> [EXERCISE DETAILS] Reproduce, exactly, the lines of the material below from the line containing "1) = adams_coeff_int" through the line containing "r = gaunt p", with both end lines included and nothing else.

> [DATA TO EXAMINE]
================================
lemma integral_legendreP: "integral {-1..1} (legendreP n) = (if n = 0 then 2 else 0)"
proof (cases n)
  case (Suc m)
  define F where "F x = (legendreP (Suc (Suc m)) x - legendreP m x) / (2 * real m + 3)" for x
  have "(F has_real_derivative legendreP (Suc m) x) (at x)" for x
  proof -
    have "legendreP' (Suc (Suc m)) x - legendreP' m x = (2 * real m + 3) * legendreP (Suc m) x"
      using legendreP'_recurrences[of "Suc m" x] by (simp add: algebra_simps)
    then show ?thesis
      unfolding F_def
      by (auto intro!: derivative_eq_intros legendreP_has_real_derivative simp: add_pos_pos)
  qed
  then have "(legendreP (Suc m) has_integral F 1 - F (-1)) {-1..1}"
    by (intro fundamental_theorem_of_calculus)
       (auto simp: has_real_derivative_iff_has_vector_derivative[symmetric] intro: has_field_derivative_at_within)
  moreover have "F 1 - F (-1) = 0"
    by (simp add: F_def)
  ultimately show ?thesis
    using Suc by (simp add: integral_unique)
next
  case 0
  have "legendreP 0 = (\<lambda>_. 1)"
    by auto
  with 0 show ?thesis
    by simp
qed

lemma legendre_triple_swap12: "legendre_triple a b c = legendre_triple b a c"
  by (simp add: legendre_triple_def ac_simps)

lemma legendre_triple_swap23: "legendre_triple a b c = legendre_triple a c b"
  by (simp add: legendre_triple_def ac_simps)

lemma integral_x_legendre_triple:
  "integral {-1..1} (\<lambda>t. t * legendreP a t * legendreP b t * legendreP c t)
     = ((real a + 1) * legendre_triple (Suc a) b c + real a * legendre_triple (a - 1) b c)
       / (2 * real a + 1)"
proof -
  have "(2 * real a + 1) * (t * legendreP a t * legendreP b t * legendreP c t)
      = (real a + 1) * (legendreP (Suc a) t * legendreP b t * legendreP c t)
        + real a * (legendreP (a - 1) t * legendreP b t * legendreP c t)" for t
  proof -
    have "(2 * real a + 1) * (t * legendreP a t * legendreP b t * legendreP c t)
        = ((2 * real a + 1) * (t * legendreP a t)) * (legendreP b t * legendreP c t)"
      by (simp only: mult_ac)
    also have "\<dots> = ((real a + 1) * legendreP (Suc a) t + real a * legendreP (a - 1) t)
        * (legendreP b t * legendreP c t)"
      by (simp only: x_times_legendreP)
    finally show ?thesis
      by (simp add: algebra_simps)
  qed
  then have "(2 * real a + 1) * integral {-1..1} (\<lambda>t. t * legendreP a t * legendreP b t * legendreP c t)
      = (real a + 1) * legendre_triple (Suc a) b c + real a * legendre_triple (a - 1) b c"
    unfolding legendre_triple_def integral_mult_right[symmetric]
    by (subst integral_add[symmetric]) (auto intro!: integrable_continuous_interval continuous_intros)
  then show ?thesis
    by (simp add: field_simps add_pos_pos)
qed

text \<open>
  The two sides come from expanding \<open>t P\<^sub>a\<close> resp. \<open>t P\<^sub>b\<close> in \<open>\<integral> t P\<^sub>a P\<^sub>b P\<^sub>c\<close>. The truncated
  \<open>a - 1\<close> at \<open>a = 0\<close> is harmless since its coefficient vanishes.
\<close>

definition triple_recurrence :: "(nat \<Rightarrow> nat \<Rightarrow> real) \<Rightarrow> bool" where
  "triple_recurrence f \<longleftrightarrow> (\<forall>a b.
     ((real a + 1) * f (Suc a) b + real a * f (a - 1) b) / (2 * real a + 1)
       = ((real b + 1) * f a (Suc b) + real b * f a (b - 1)) / (2 * real b + 1))"

lemma triple_recurrence_legendre_triple: "triple_recurrence (\<lambda>a b. legendre_triple a b c)"
  unfolding triple_recurrence_def
proof (intro allI)
  fix a b
  have "integral {-1..1} (\<lambda>t. t * legendreP a t * legendreP b t * legendreP c t)
      = integral {-1..1} (\<lambda>t. t * legendreP b t * legendreP a t * legendreP c t)"
    by (simp add: ac_simps)
  then show "((real a + 1) * legendre_triple (Suc a) b c + real a * legendre_triple (a - 1) b c) / (2 * real a + 1)
      = ((real b + 1) * legendre_triple a (Suc b) c + real b * legendre_triple a (b - 1) c) / (2 * real b + 1)"
    unfolding integral_x_legendre_triple by (simp add: legendre_triple_swap12[of _ a])
qed

lemma triple_recurrence_step:
  assumes "triple_recurrence f"
  shows "f (Suc a) b = ((2 * real a + 1) * (((real b + 1) * f a (Suc b) + real b * f a (b - 1)) / (2 * real b + 1))
           - real a * f (a - 1) b) / (real a + 1)"
proof -
  define R where "R = ((real b + 1) * f a (Suc b) + real b * f a (b - 1)) / (2 * real b + 1)"
  have "((real a + 1) * f (Suc a) b + real a * f (a - 1) b) / (2 * real a + 1) = R"
    using assms unfolding triple_recurrence_def R_def by blast
  then have "(real a + 1) * f (Suc a) b = (2 * real a + 1) * R - real a * f (a - 1) b"
    by (simp add: divide_eq_eq add_pos_pos algebra_simps)
  then have "f (Suc a) b = ((2 * real a + 1) * R - real a * f (a - 1) b) / (real a + 1)"
    by (simp add: eq_divide_eq add_pos_pos mult.commute)
  then show ?thesis
    unfolding R_def .
qed

lemma triple_recurrence_unique:
  assumes f: "triple_recurrence f" and g: "triple_recurrence g" and row0: "\<And>b. f 0 b = g 0 b"
  shows "f a b = g a b"
proof -
  have "\<forall>b. f a b = g a b \<and> f (Suc a) b = g (Suc a) b"
  proof (induction a)
    case 0
    then show ?case
      by (simp add: triple_recurrence_step[OF f, of 0] triple_recurrence_step[OF g, of 0] row0)
  next
    case (Suc a)
    then show ?case
      by (simp add: triple_recurrence_step[OF f, of "Suc a"] triple_recurrence_step[OF g, of "Suc a"])
  qed
  then show ?thesis
    by blast
qed

definition adams_coeff :: "nat \<Rightarrow> real" where
  "adams_coeff n = pochhammer (1 / 2) n / fact n"

lemma adams_coeff_0 [simp]: "adams_coeff 0 = 1"
  by (simp add: adams_coeff_def)

lemma adams_coeff_Suc: "adams_coeff (Suc n) = adams_coeff n * (2 * real n + 1) / (2 * real n + 2)"
  by (simp add: adams_coeff_def pochhammer_Suc field_simps)

lemma adams_coeff_pos: "adams_coeff n > 0"
  by (simp add: adams_coeff_def pochhammer_pos)

lemma adams_coeff_ratio_mono:
  assumes "m \<le> n"
  shows "adams_coeff (m + i) * adams_coeff n \<le> adams_coeff (n + i) * adams_coeff m"
proof (induction i)
  case (Suc i)
  have "(2 * real (m + i) + 1) / (2 * real (m + i) + 2) \<le> (2 * real (n + i) + 1) / (2 * real (n + i) + 2)"
    using assms by (simp add: field_simps)
  from mult_mono[OF Suc.IH this]
  have "adams_coeff (m + i) * adams_coeff n * ((2 * real (m + i) + 1) / (2 * real (m + i) + 2))
      \<le> adams_coeff (n + i) * adams_coeff m * ((2 * real (n + i) + 1) / (2 * real (n + i) + 2))"
    by (simp add: adams_coeff_pos less_imp_le)
  then show ?case
    by (simp add: adams_coeff_Suc mult_ac)
qed simp

text \<open>
  Extension by zero: it makes \<open>gaunt\<close> vanish exactly when a triangle inequality fails, and
  keeps \<open>adams_coeff_int_pred\<close> valid at \<open>n = 0\<close>.
\<close>

definition adams_coeff_int :: "int \<Rightarrow> real" where
  "adams_coeff_int n = (if n < 0 then 0 else adams_coeff (nat n))"

lemma adams_coeff_int_pred:
  assumes "n \<ge> 0"
  shows "adams_coeff_int (n - 1) = adams_coeff_int n * (2 * of_int n / (2 * of_int n - 1))"
proof (cases "n = 0")
  case False
  define m where "m = nat (n - 1)"
  have n: "n - 1 = int m" "nat n = Suc m" "real_of_int n = real m + 1"
    using assms False by (simp_all add: m_def)
  have "adams_coeff m = adams_coeff (Suc m) * (2 * real m + 2) / (2 * real m + 1)"
    by (simp add: adams_coeff_Suc add_pos_pos)
  with assms show ?thesis
    by (simp add: adams_coeff_int_def n algebra_simps)
qed (simp add: adams_coeff_int_def)

text \<open>Adams' formula in the excesses \<open>p = s - a\<close>, \<open>q = s - b\<close>, \<open>r = s - c\<close>.\<close>

definition gaunt :: "int \<Rightarrow> int \<Rightarrow> int \<Rightarrow> real" where
  "gaunt p q r = 2 / (2 * of_int (p + q + r) + 1)
     * adams_coeff_int p * adams_coeff_int q * adams_coeff_int r / adams_coeff_int (p + q + r)"

lemma gaunt_of_nat:
  "gaunt (int p) (int q) (int r)
     = 2 / (2 * real (p + q + r) + 1) * adams_coeff p * adams_coeff q * adams_coeff r / adams_coeff (p + q + r)"
  by (simp add: gaunt_def adams_coeff_int_def nat_add_distrib)

lemma gaunt_eq_0: "p < 0 \<or> q < 0 \<or> r < 0 \<Longrightarrow> gaunt p q r = 0"
  by (auto simp: gaunt_def adams_coeff_int_def)

lemma gaunt_swap12: "gaunt p q r = gaunt q p r"
  by (simp add: gaunt_def ac_simps)

lemma gaunt_swap23: "gaunt p q r = gaunt p r q"
  by (simp add: gaunt_def ac_simps)

lemma of_int_double_minus_1_neq_0: "2 * real_of_int w - 1 \<noteq> 0"
proof
  assume "2 * real_of_int w - 1 = 0"
  then have "real_of_int (2 * w - 1) = 0"
    by simp
  then show False
    by presburger
qed

lemma gaunt_pred_first:
  assumes "x \<ge> 0"
  shows "gaunt (x - 1) y z = 2 / (2 * of_int (x + y + z - 1) + 1) * (2 * of_int x / (2 * of_int x - 1))
           * (adams_coeff_int x * adams_coeff_int y * adams_coeff_int z / adams_coeff_int (x + y + z - 1))"
proof -
  have sum: "x - 1 + y + z = x + y + z - 1"
    by simp
  show ?thesis
    unfolding gaunt_def adams_coeff_int_pred[OF assms] sum by (simp add: mult_ac)
qed

lemma gaunt_pred_last_two:
  assumes "y \<ge> 0" "z \<ge> 0" "x + y + z \<ge> 2"
  shows "gaunt x (y - 1) (z - 1) = 1 / of_int (x + y + z - 1)
           * (2 * of_int y / (2 * of_int y - 1)) * (2 * of_int z / (2 * of_int z - 1))
           * (adams_coeff_int x * adams_coeff_int y * adams_coeff_int z / adams_coeff_int (x + y + z - 1))"
proof -
  define t where "t = x + y + z - 1"
  have "t \<ge> 1" "t \<ge> 0"
    using assms by (simp_all add: t_def)
  have sum: "x + (y - 1) + (z - 1) = t - 1"
    by (simp add: t_def)
  have rearrange: "c * ax * (ay * u) * (az * v) / (a_t * w) = c / w * u * v * (ax * ay * az / a_t)"
    for c ax ay az a_t u v w :: real
    by (simp add: mult_ac)
  have ratio: "2 / (2 * real_of_int (t - 1) + 1) / (2 * of_int t / (2 * of_int t - 1)) = 1 / of_int t"
    using \<open>t \<ge> 1\<close> of_int_double_minus_1_neq_0[of t] by (simp add: field_simps)
  show ?thesis
    unfolding t_def[symmetric] gaunt_def sum adams_coeff_int_pred[OF assms(1)] adams_coeff_int_pred[OF assms(2)]
      adams_coeff_int_pred[OF \<open>t \<ge> 0\<close>] rearrange ratio ..
qed

lemma gaunt_recurrence_rational_identity:
  fixes x y z :: int
  assumes "x + y + z \<ge> 2"
  defines "X \<equiv> real_of_int x" and "Y \<equiv> real_of_int y" and "Z \<equiv> real_of_int z"
    and "T \<equiv> real_of_int (x + y + z - 1)"
  shows "((Y + Z) * (2 / (2 * T + 1) * (2 * X / (2 * X - 1)))
           + (Y + Z - 1) * (1 / T * (2 * Y / (2 * Y - 1)) * (2 * Z / (2 * Z - 1)))) / (2 * (Y + Z) - 1)
       = 4 * ((4 * T + 1) * X * Y * Z - T * (X * Y + Y * Z + Z * X))
           / (T * (2 * T + 1) * (2 * X - 1) * (2 * Y - 1) * (2 * Z - 1))"
proof -
  have T: "T = X + Y + Z - 1"
    by (simp add: T_def X_def Y_def Z_def)
  have "T > 0"
    using assms by (simp add: T_def)
  then have nz: "2 * X - 1 \<noteq> 0" "2 * Y - 1 \<noteq> 0" "2 * Z - 1 \<noteq> 0" "2 * T + 1 \<noteq> 0" "T \<noteq> 0"
    "2 * (Y + Z) - 1 \<noteq> 0"
    using of_int_double_minus_1_neq_0[of x] of_int_double_minus_1_neq_0[of y]
      of_int_double_minus_1_neq_0[of z] of_int_double_minus_1_neq_0[of "y + z"]
    by (simp_all add: X_def Y_def Z_def)
  \<comment> \<open>Naming the denominators keeps \<open>field_simps\<close> from multiplying them out.\<close>
  obtain dX dY dZ dT dYZ where d: "dX = 2 * X - 1" "dY = 2 * Y - 1" "dZ = 2 * Z - 1" "dT = 2 * T + 1"
    "dYZ = 2 * (Y + Z) - 1"
    by simp
  have num: "(Y + Z) * (4 * X) * T * dY * dZ + (Y + Z - 1) * (4 * Y * Z) * dT * dX
      = 4 * ((4 * T + 1) * X * Y * Z - T * (X * Y + Y * Z + Z * X)) * dYZ"
    unfolding d T by (simp add: algebra_simps)
  have "((Y + Z) * (2 / dT * (2 * X / dX)) + (Y + Z - 1) * (1 / T * (2 * Y / dY) * (2 * Z / dZ))) / dYZ
      = ((Y + Z) * (4 * X) * T * dY * dZ + (Y + Z - 1) * (4 * Y * Z) * dT * dX) / (T * dT * dX * dY * dZ * dYZ)"
    using nz unfolding d[symmetric] by (simp add: field_simps)
  also have "\<dots> = 4 * ((4 * T + 1) * X * Y * Z - T * (X * Y + Y * Z + Z * X)) / (T * dT * dX * dY * dZ)"
    using nz unfolding num d[symmetric] by simp
  finally have "((Y + Z) * (2 / dT * (2 * X / dX)) + (Y + Z - 1) * (1 / T * (2 * Y / dY) * (2 * Z / dZ))) / dYZ
      = 4 * ((4 * T + 1) * X * Y * Z - T * (X * Y + Y * Z + Z * X)) / (T * dT * dX * dY * dZ)" .
  then show ?thesis
    unfolding d .
qed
================================
> [ANSWER TO THIS EXERCISE]
  shows "adams_coeff_int (n - 1) = adams_coeff_int n * (2 * of_int n / (2 * of_int n - 1))"
proof (cases "n = 0")
  case False
  define m where "m = nat (n - 1)"
  have n: "n - 1 = int m" "nat n = Suc m" "real_of_int n = real m + 1"
    using assms False by (simp_all add: m_def)
  have "adams_coeff m = adams_coeff (Suc m) * (2 * real m + 2) / (2 * real m + 1)"
    by (simp add: adams_coeff_Suc add_pos_pos)
  with assms show ?thesis
    by (simp add: adams_coeff_int_def n algebra_simps)
qed (simp add: adams_coeff_int_def)

text \<open>Adams' formula in the excesses \<open>p = s - a\<close>, \<open>q = s - b\<close>, \<open>r = s - c\<close>.\<close>

definition gaunt :: "int \<Rightarrow> int \<Rightarrow> int \<Rightarrow> real" where
  "gaunt p q r = 2 / (2 * of_int (p + q + r) + 1)
     * adams_coeff_int p * adams_coeff_int q * adams_coeff_int r / adams_coeff_int (p + q + r)"

lemma gaunt_of_nat:
  "gaunt (int p) (int q) (int r)
     = 2 / (2 * real (p + q + r) + 1) * adams_coeff p * adams_coeff q * adams_coeff r / adams_coeff (p + q + r)"
  by (simp add: gaunt_def adams_coeff_int_def nat_add_distrib)

lemma gaunt_eq_0: "p < 0 \<or> q < 0 \<or> r < 0 \<Longrightarrow> gaunt p q r = 0"
  by (auto simp: gaunt_def adams_coeff_int_def)

lemma gaunt_swap12: "gaunt p q r = gaunt q p r"
  by (simp add: gaunt_def ac_simps)

lemma gaunt_swap23: "gaunt p q r = gaunt p r q"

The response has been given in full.